The purpose of the ballast (resistor) wire is to lower the voltage from 12-13.8 volts down to 8-10 volts to prevent the ignition system from burning the points. Here is an option,

Replace the points with an electronic ignition like the Crane Cams XR-I (750-1720) that can run 12-13.8 volts, then short the IGN#1 to the IGN#2 connections at the switch.

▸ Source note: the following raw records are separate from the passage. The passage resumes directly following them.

(* For $i\in\{0,1\}$ let $f_i:(0,\infty)\to\mathbb R$ be bounded on $(0,a]$ for every $a>0$. Assume there are constants $p_0,p_1\in(0,1)$ and functions $\eta_i:(0,\infty)\to\mathbb R$ such that for all $x>0$ and $i\in\{0,1\}$ $$f_i(x)=f_i(xp_i)+f_{1-i}(x(1-p_i))+\eta_i(x).$$ If, as $x\to\infty$, $\eta_i(x)=O(x^{1-\alpha})$ for some $\alpha>0$ and both $i$, then $f_i(x)=O(x)$ for both $i\in\{0,1\}$. *)

theory Defs
  imports "HOL-Analysis.Analysis" "HOL-Library.Landau_Symbols"
begin

end

theory Submission
  imports Defs
begin

text \<open>
  With \<open>\<beta> = 1 - \<alpha> < 1\<close>, strengthen the claim to \<open>\<bar>f i x\<bar> \<le> C x - D x\<^sup>\<beta>\<close> for \<open>x \<ge> 1\<close>
  and prove it by induction over the scales \<open>x \<le> a q\<^sup>-\<^sup>n\<close>. Since \<open>t < t\<^sup>\<beta>\<close> on \<open>(0, 1)\<close>,
  there is \<open>\<delta> > 0\<close> with \<open>p i\<^sup>\<beta> + (1 - p i)\<^sup>\<beta> \<ge> 1 + \<delta>\<close> for all \<open>i\<close>; so splitting \<open>x\<close> into
  \<open>x p i\<close> and \<open>x (1 - p i)\<close> releases a term \<open>\<delta> D x\<^sup>\<beta>\<close>, which pays for \<open>\<eta> i x = O(x\<^sup>\<beta>)\<close>
  once \<open>D = K / \<delta>\<close>. The induction starts from the boundedness of \<open>f\<close> on an initial interval
  \<open>[1, a]\<close>, with \<open>a\<close> so large that both split points stay \<open>\<ge> 1\<close>.
\<close>

lemma powr_add_complement_gt_one:
  fixes p \<beta> :: real
  assumes "0 < p" "p < 1" "\<beta> < 1"
  shows "1 < p powr \<beta> + (1 - p) powr \<beta>"
proof -
  have gt_self: "x < x powr \<beta>" if "0 < x" "x < 1" for x :: real
    using powr_less_mono'[OF that \<open>\<beta> < 1\<close>] by simp
  show ?thesis
    using gt_self[of p] gt_self[of "1 - p"] assms by linarith
qed

lemma linear_minus_powr_absorbs_step:
  fixes C D \<delta> \<beta> x p :: real
  assumes "0 < x" "0 < p" "p < 1" "0 \<le> D"
    and "1 + \<delta> \<le> p powr \<beta> + (1 - p) powr \<beta>"
  shows "(C * (x * p) - D * (x * p) powr \<beta>) + (C * (x * (1 - p)) - D * (x * (1 - p)) powr \<beta>)
           + D * \<delta> * x powr \<beta> \<le> C * x - D * x powr \<beta>"
proof -
  have "D * x powr \<beta> * (1 + \<delta>) \<le> D * x powr \<beta> * (p powr \<beta> + (1 - p) powr \<beta>)"
    using assms by (intro mult_left_mono) auto
  moreover have "(x * p) powr \<beta> = x powr \<beta> * p powr \<beta>"
    and "(x * (1 - p)) powr \<beta> = x powr \<beta> * (1 - p) powr \<beta>"
    using assms by (simp_all add: powr_mult)
  ultimately show ?thesis
    by (simp add: algebra_simps)
qed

Now you will supply full voltage to the coil when you start the car as well as when the car is running thru the black w/yellow stripe wire. There is no need to remove the resistor wire so you can keep the original appearance under the hood.


----------



## redgoat67 (Sep 23, 2011)

Thanks for your reply and suggestion. I would prefer to just replace the bad wire. What gauge wire would I use and couldn't I just cut the old wire at the block and connect/splice the new wire to the old wire stub? I know this sounds like shade tree mechanics but I just want to get the old Goat running as easily and quickly as possible.


----------



## PontiacJim (Dec 29, 2012)

If you still have points, then that may be about right. That is exactly what the resistance wire is supposed to do (I now have to question your mechanic for not knowing this). 12 volts will burn your points. 12volts only if you have an electronic distributor or did an electronic conversion to eliminate your points. Just for fun, you can use a jumper wire with some alligator clips fitted to each end and hook one side to your coil and the other directly to your battery. Will give you 12volts and shouldn't really hurt anything for the short test you are to perform. If it works, then you know there IS a problem. If not, then it is something else. Pull the wire off to shut the car off with the key because you have just "hot-wired" your car. HaHaHa.

If it starts and runs, then it almost sounds like a carb problem. Provide more info please.

This will sound silly, but bad gas? The gas today with its 10% alcohol can be problematic. Not good to let your car sit as it can absorb water/moisture just from sitting around. The gas also goes bad very quickly. I use the StaBil additive you can get at WalMart which seems to make a difference in my 1997 Toyota which is not really designed for this "modern" fuel. The alcohol in the gas also makes the car run leaner.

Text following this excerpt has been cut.